-- Opening Marker --

(* Let $G=(V,E)$ be a finite simple connected graph with $n$ vertices, $\omega\colon V\to(0,\infty)$ a weight function with $\omega=\omega(V)$, $\delta>0$, and $s=\frac{8\ln n}{\delta^2}$. Let $S=\{m_1,\dots,m_s\}$ be a random multiset of $s$ vertices drawn independently with $\Pr(m_i=v)=\omega(v)/\omega$. Then for any vertex $v$, with probability at least $1-n^{-3}$, \[\frac{\Lambda(v)}{\omega}\le\frac{\Lambda^{*}(v)}{s}+\frac{\delta}{2}.\]
   Context: For vertices $q,v$, a vertex $u$ is consistent with $(q,v)$ if $q=v=u$, or $q\ne v$ and $v$ lies on a shortest path between $u$ and $q$; $N(q,v)$ is the set of such $u$. $N(v)$ is the neighbor set of $v$. $\omega(X)=\sum_{u\in X}\omega(u)$. $\Lambda(v)=\max_{u\in N(v)}\omega(N(v,u))$ and $\Lambda^{*}(v)=\max_{u\in N(v)}|S\cap N(v,u)|$, where $S\cap X$ is the multiset $\{m_i: m_i\in X\}$ (counted with multiplicity). *)

theory Defs
  imports "HOL-Probability.Probability" "HOL-Library.Multiset"
begin

definition simple_graph :: "'a set \<Rightarrow> ('a \<Rightarrow> 'a \<Rightarrow> bool) \<Rightarrow> bool" where
  "simple_graph V E \<longleftrightarrow> finite V \<and> (\<forall>x y. E x y \<longrightarrow> x \<in> V \<and> y \<in> V)
     \<and> (\<forall>x y. E x y \<longrightarrow> E y x) \<and> (\<forall>x. \<not> E x x)"

definition is_walk :: "'a set \<Rightarrow> ('a \<Rightarrow> 'a \<Rightarrow> bool) \<Rightarrow> 'a list \<Rightarrow> bool" where
  "is_walk V E xs \<longleftrightarrow> xs \<noteq> [] \<and> set xs \<subseteq> V \<and> (\<forall>i. Suc i < length xs \<longrightarrow> E (xs ! i) (xs ! Suc i))"

definition connected_graph :: "'a set \<Rightarrow> ('a \<Rightarrow> 'a \<Rightarrow> bool) \<Rightarrow> bool" where
  "connected_graph V E \<longleftrightarrow> (\<forall>u\<in>V. \<forall>v\<in>V. \<exists>xs. is_walk V E xs \<and> hd xs = u \<and> last xs = v)"

definition gdist :: "'a set \<Rightarrow> ('a \<Rightarrow> 'a \<Rightarrow> bool) \<Rightarrow> 'a \<Rightarrow> 'a \<Rightarrow> nat" where
  "gdist V E u v = (LEAST k. \<exists>xs. is_walk V E xs \<and> hd xs = u \<and> last xs = v \<and> length xs = Suc k)"

definition nbrs :: "'a set \<Rightarrow> ('a \<Rightarrow> 'a \<Rightarrow> bool) \<Rightarrow> 'a \<Rightarrow> 'a set" where
  "nbrs V E v = {u \<in> V. E v u}"

definition consistent_set :: "'a set \<Rightarrow> ('a \<Rightarrow> 'a \<Rightarrow> bool) \<Rightarrow> 'a \<Rightarrow> 'a \<Rightarrow> 'a set" where
  "consistent_set V E q v = {u \<in> V. (q = v \<and> v = u) \<or>
      (q \<noteq> v \<and> gdist V E u q = gdist V E u v + gdist V E v q)}"

definition Lambda :: "'a set \<Rightarrow> ('a \<Rightarrow> 'a \<Rightarrow> bool) \<Rightarrow> ('a \<Rightarrow> real) \<Rightarrow> 'a \<Rightarrow> real" where
  "Lambda V E w v = Max ((\<lambda>u. sum w (consistent_set V E v u)) ` nbrs V E v)"

definition LambdaStar :: "'a set \<Rightarrow> ('a \<Rightarrow> 'a \<Rightarrow> bool) \<Rightarrow> 'a multiset \<Rightarrow> 'a \<Rightarrow> nat" where
  "LambdaStar V E S v = Max ((\<lambda>u. size (filter_mset (\<lambda>m. m \<in> consistent_set V E v u) S)) ` nbrs V E v)"

end

theory Submission
  imports Defs
begin

text \<open>The maximum defining \<open>\<Lambda>(v)\<close> is attained at some neighbour \<open>u\<^sub>0\<close>, so
  \<open>\<Lambda>(v)/\<omega> = p\<close>, the probability that one sample falls into \<open>A = N(v,u\<^sub>0)\<close>, while \<open>\<Lambda>\<^sup>*(v)\<close> is at
  least the number of samples in \<open>A\<close>, which is binomially distributed with parameters
  \<open>s\<close> and \<open>p\<close>. Hoeffding's lower tail bound with deviation \<open>\<delta>/2\<close> bounds the failure probability
  by \<open>exp(-s\<delta>\<^sup>2/2) \<le> n\<^sup>-\<^sup>4 \<le> n\<^sup>-\<^sup>3\<close>. For \<open>n = 1\<close> the claimed bound is \<open>0\<close>.\<close>

lemma map_pmf_in_eq_bernoulli_pmf:
  "map_pmf (\<lambda>x. x \<in> A) D = bernoulli_pmf (measure_pmf.prob D A)"
proof (rule pmf_eqI)
  fix b :: bool
  have p: "0 \<le> measure_pmf.prob D A" "measure_pmf.prob D A \<le> 1" by auto
  show "pmf (map_pmf (\<lambda>x. x \<in> A) D) b = pmf (bernoulli_pmf (measure_pmf.prob D A)) b"
  proof (cases b)
    case True
    then show ?thesis using p by (simp add: pmf_map vimage_def)
  next
    case False
    have "measure_pmf.prob D {x. x \<notin> A} = 1 - measure_pmf.prob D A"
      using measure_pmf.prob_compl[of A D] by (simp add: Compl_eq_Diff_UNIV[symmetric] Collect_neg_eq)
    then show ?thesis using p False by (simp add: pmf_map vimage_def)
  qed
qed

lemma map_pmf_count_replicate_pmf_eq_binomial_pmf:
  "map_pmf (\<lambda>xs. length (filter (\<lambda>x. x \<in> A) xs)) (replicate_pmf n D)
     = binomial_pmf n (measure_pmf.prob D A)"
proof (induction n)
  case 0
  then show ?case by (simp add: binomial_pmf_0)
next
  case (Suc n)
  let ?count = "\<lambda>xs. length (filter (\<lambda>x. x \<in> A) xs)"
  have p: "measure_pmf.prob D A \<in> {0..1}" by auto
  have "map_pmf ?count (replicate_pmf (Suc n) D)
     = bind_pmf D (\<lambda>x. bind_pmf (map_pmf ?count (replicate_pmf n D))
          (\<lambda>k. return_pmf ((if x \<in> A then 1 else 0) + k)))"
    by (auto simp: map_pmf_def bind_assoc_pmf bind_return_pmf intro!: bind_pmf_cong)
  also have "\<dots> = bind_pmf (map_pmf (\<lambda>x. x \<in> A) D)
      (\<lambda>b. bind_pmf (binomial_pmf n (measure_pmf.prob D A)) (\<lambda>k. return_pmf ((if b then 1 else 0) + k)))"
    by (simp add: Suc bind_map_pmf)
  also have "\<dots> = binomial_pmf (Suc n) (measure_pmf.prob D A)"
    by (simp add: map_pmf_in_eq_bernoulli_pmf binomial_pmf_Suc[OF p])
  finally show ?case .
qed

lemma prob_replicate_pmf_frequency_gt:
  fixes \<epsilon> :: real
  assumes "n > 0" and "\<epsilon> \<ge> 0"
  shows "measure_pmf.prob (replicate_pmf n D)
           {xs. measure_pmf.prob D A < real (length (filter (\<lambda>x. x \<in> A) xs)) / real n + \<epsilon>}
         \<ge> 1 - exp (-2 * real n * \<epsilon>\<^sup>2)"
proof -
  let ?M = "replicate_pmf n D" and ?p = "measure_pmf.prob D A"
  let ?low = "{xs. real (length (filter (\<lambda>x. x \<in> A) xs)) / real n \<le> ?p - \<epsilon>}"
  have binomial: "binomial_distribution ?p" unfolding binomial_distribution_def by auto
  have "measure_pmf.prob (binomial_pmf n ?p) {k. real k / real n \<le> ?p - \<epsilon>} \<le> exp (-2 * real n * \<epsilon>\<^sup>2)"
    using binomial_distribution.prob_le'[OF binomial assms] by simp
  then have "measure_pmf.prob ?M ?low \<le> exp (-2 * real n * \<epsilon>\<^sup>2)"
    by (simp add: map_pmf_count_replicate_pmf_eq_binomial_pmf[symmetric] vimage_def)
  moreover have "measure_pmf.prob ?M (UNIV - ?low) = 1 - measure_pmf.prob ?M ?low"
    using measure_pmf.prob_compl[of ?low ?M] by simp
  moreover have "UNIV - ?low = {xs. ?p < real (length (filter (\<lambda>x. x \<in> A) xs)) / real n + \<epsilon>}"
    by auto
  ultimately show ?thesis by simp
qed

lemma measure_pmf_prob_eq_weight_ratio:
  assumes "finite V" and "A \<subseteq> V" and "\<forall>u\<in>V. pmf D u = w u / sum w V"
  shows "measure_pmf.prob D A = sum w A / sum w V"
proof -
  have "finite A" using assms(1,2) by (rule finite_subset[rotated])
  then show ?thesis
    using measure_measure_pmf_finite[of A D] assms(2,3) by (simp add: sum_divide_distrib subset_iff)
qed

lemma exp_sample_size_le_inverse_cube:
  fixes n \<delta> s :: real
  assumes "n \<ge> 1" and "\<delta> > 0" and "s \<ge> 8 * ln n / \<delta>\<^sup>2"
  shows "exp (-2 * s * (\<delta> / 2)\<^sup>2) \<le> 1 / n ^ 3"
proof -
  have "s * \<delta>\<^sup>2 \<ge> 8 * ln n" using assms(2,3) by (simp add: field_simps)
  then have "exp (-2 * s * (\<delta> / 2)\<^sup>2) \<le> exp (- 4 * ln n)"
    by (simp add: power2_eq_square field_simps)
  also have "\<dots> = 1 / exp (ln (n ^ 4))"
    by (simp add: ln_realpow exp_minus inverse_eq_divide)
  also have "\<dots> = 1 / n ^ 4"
    using assms(1) by simp
  also have "\<dots> \<le> 1 / n ^ 3"
    using assms(1) by (intro divide_left_mono power_increasing) auto
  finally show ?thesis .
qed

lemma simple_graph_finite: "simple_graph V E \<Longrightarrow> finite V"
  unfolding simple_graph_def by blast

lemma nbrs_nonempty:
  assumes "simple_graph V E" and "connected_graph V E" and "v \<in> V" and "card V \<ge> 2"
  shows "nbrs V E v \<noteq> {}"
proof -
  have "\<not> V \<subseteq> {v}" using assms(4) card_mono[of "{v}" V] by auto
  then obtain u where "u \<in> V" "u \<noteq> v" by blast
  then obtain xs where xs: "is_walk V E xs" "hd xs = v" "last xs = u"
    using assms(2,3) unfolding connected_graph_def by blast
  have "xs \<noteq> []" using xs(1) unfolding is_walk_def by blast
  with xs(2,3) \<open>u \<noteq> v\<close> obtain y ys where "xs = v # y # ys"
    by (cases xs rule: remdups_adj.cases) auto
  then have "E v y" using xs(1) unfolding is_walk_def by force
  then have "y \<in> nbrs V E v" using assms(1) unfolding nbrs_def simple_graph_def by blast
  then show ?thesis by blast
qed

lemma Lambda_attained:
  assumes "finite V" and "nbrs V E v \<noteq> {}"
  obtains u where "u \<in> nbrs V E v" and "Lambda V E w v = sum w (consistent_set V E v u)"
proof -
  have "finite (nbrs V E v)" using assms(1) unfolding nbrs_def by simp
  then have "Lambda V E w v \<in> (\<lambda>u. sum w (consistent_set V E v u)) ` nbrs V E v"
    unfolding Lambda_def using assms(2) by (intro Max_in) auto
  then show ?thesis using that by blast
qed

lemma count_consistent_set_le_LambdaStar:
  assumes "finite V" and "u \<in> nbrs V E v"
  shows "length (filter (\<lambda>x. x \<in> consistent_set V E v u) xs) \<le> LambdaStar V E (mset xs) v"
proof -
  have "finite (nbrs V E v)" using assms(1) unfolding nbrs_def by simp
  then have "size (filter_mset (\<lambda>x. x \<in> consistent_set V E v u) (mset xs)) \<le> LambdaStar V E (mset xs) v"
    unfolding LambdaStar_def using assms(2) by (intro Max_ge) auto
  then show ?thesis by (metis mset_filter size_mset)
qed

lemma Lambda_div_weight_attained:
  assumes "finite V" and "nbrs V E v \<noteq> {}" and "\<forall>u\<in>V. pmf D u = w u / sum w V"
  obtains u where "u \<in> nbrs V E v"
    and "Lambda V E w v / sum w V = measure_pmf.prob D (consistent_set V E v u)"
proof -
  obtain u where u: "u \<in> nbrs V E v" "Lambda V E w v = sum w (consistent_set V E v u)"
    using Lambda_attained[OF assms(1,2)] .
  have "consistent_set V E v u \<subseteq> V" unfolding consistent_set_def by blast
  then have "measure_pmf.prob D (consistent_set V E v u) = sum w (consistent_set V E v u) / sum w V"
    using measure_pmf_prob_eq_weight_ratio[OF assms(1) _ assms(3)] by blast
  with u show ?thesis using that by simp
qed

theorem lemma12:
  fixes V :: "'a set" and E :: "'a \<Rightarrow> 'a \<Rightarrow> bool" and w :: "'a \<Rightarrow> real"
    and D :: "'a pmf" and \<delta> :: real and s :: nat and v :: 'a
  assumes "simple_graph V E" and "connected_graph V E"
    and "\<forall>u\<in>V. w u > 0"
    and "\<delta> > 0"
    and "s = nat \<lceil>8 * ln (real (card V)) / \<delta>^2\<rceil>"
    and "\<forall>u\<in>V. pmf D u = w u / sum w V"
    and "v \<in> V"
  shows "measure_pmf.prob (replicate_pmf s D)
           {ms. Lambda V E w v / sum w V \<le> real (LambdaStar V E (mset ms) v) / real s + \<delta> / 2}
         \<ge> 1 - 1 / real (card V) ^ 3"
proof (cases "card V = 1")
  case False
  have finV: "finite V" using assms(1) by (rule simple_graph_finite)
  with assms(7) have "card V \<noteq> 0" by auto
  with False have n2: "card V \<ge> 2" by linarith
  obtain u0 where u0: "u0 \<in> nbrs V E v"
    and Lp: "Lambda V E w v / sum w V = measure_pmf.prob D (consistent_set V E v u0)"
    using Lambda_div_weight_attained[OF finV nbrs_nonempty[OF assms(1,2,7) n2] assms(6)] by blast
  define A where "A = consistent_set V E v u0"
  define freq where "freq xs = real (length (filter (\<lambda>x. x \<in> A) xs)) / real s" for xs
  have s_ge: "real s \<ge> 8 * ln (real (card V)) / \<delta>\<^sup>2" using assms(5) by linarith
  moreover have "8 * ln (real (card V)) / \<delta>\<^sup>2 > 0" using n2 assms(4) by simp
  ultimately have "s > 0" by linarith
  have "1 - 1 / real (card V) ^ 3 \<le> 1 - exp (-2 * real s * (\<delta> / 2)\<^sup>2)"
    using exp_sample_size_le_inverse_cube[OF _ assms(4) s_ge] n2 by simp
  also have "\<dots> \<le> measure_pmf.prob (replicate_pmf s D) {xs. measure_pmf.prob D A < freq xs + \<delta> / 2}"
    using prob_replicate_pmf_frequency_gt[OF \<open>s > 0\<close>, of "\<delta> / 2"] assms(4) by (simp add: freq_def)
  also have "\<dots> \<le> measure_pmf.prob (replicate_pmf s D)
      {ms. Lambda V E w v / sum w V \<le> real (LambdaStar V E (mset ms) v) / real s + \<delta> / 2}"
  proof (rule measure_pmf.finite_measure_mono)
    have "freq xs \<le> real (LambdaStar V E (mset xs) v) / real s" for xs
      using count_consistent_set_le_LambdaStar[OF finV u0] by (simp add: freq_def A_def divide_right_mono)
    then show "{xs. measure_pmf.prob D A < freq xs + \<delta> / 2} \<subseteq>
        {ms. Lambda V E w v / sum w V \<le> real (LambdaStar V E (mset ms) v) / real s + \<delta> / 2}"
      using Lp unfolding A_def by (smt (verit) mem_Collect_eq subsetI)
  qed simp
  finally show ?thesis .
next
  case True
  then show ?thesis by simp
qed

end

-- Closing Marker --

*WHAT THE TASK ASKS*
Transcribe the records above from the line holding "xs)) (replicate_pmf n D)" down to the line holding "(replicate_pmf (Suc n) D)", inclusive, without adding anything.

*YOUR RESPONSE*
  "map_pmf (\<lambda>xs. length (filter (\<lambda>x. x \<in> A) xs)) (replicate_pmf n D)
     = binomial_pmf n (measure_pmf.prob D A)"
proof (induction n)
  case 0
  then show ?case by (simp add: binomial_pmf_0)
next
  case (Suc n)
  let ?count = "\<lambda>xs. length (filter (\<lambda>x. x \<in> A) xs)"
  have p: "measure_pmf.prob D A \<in> {0..1}" by auto
  have "map_pmf ?count (replicate_pmf (Suc n) D)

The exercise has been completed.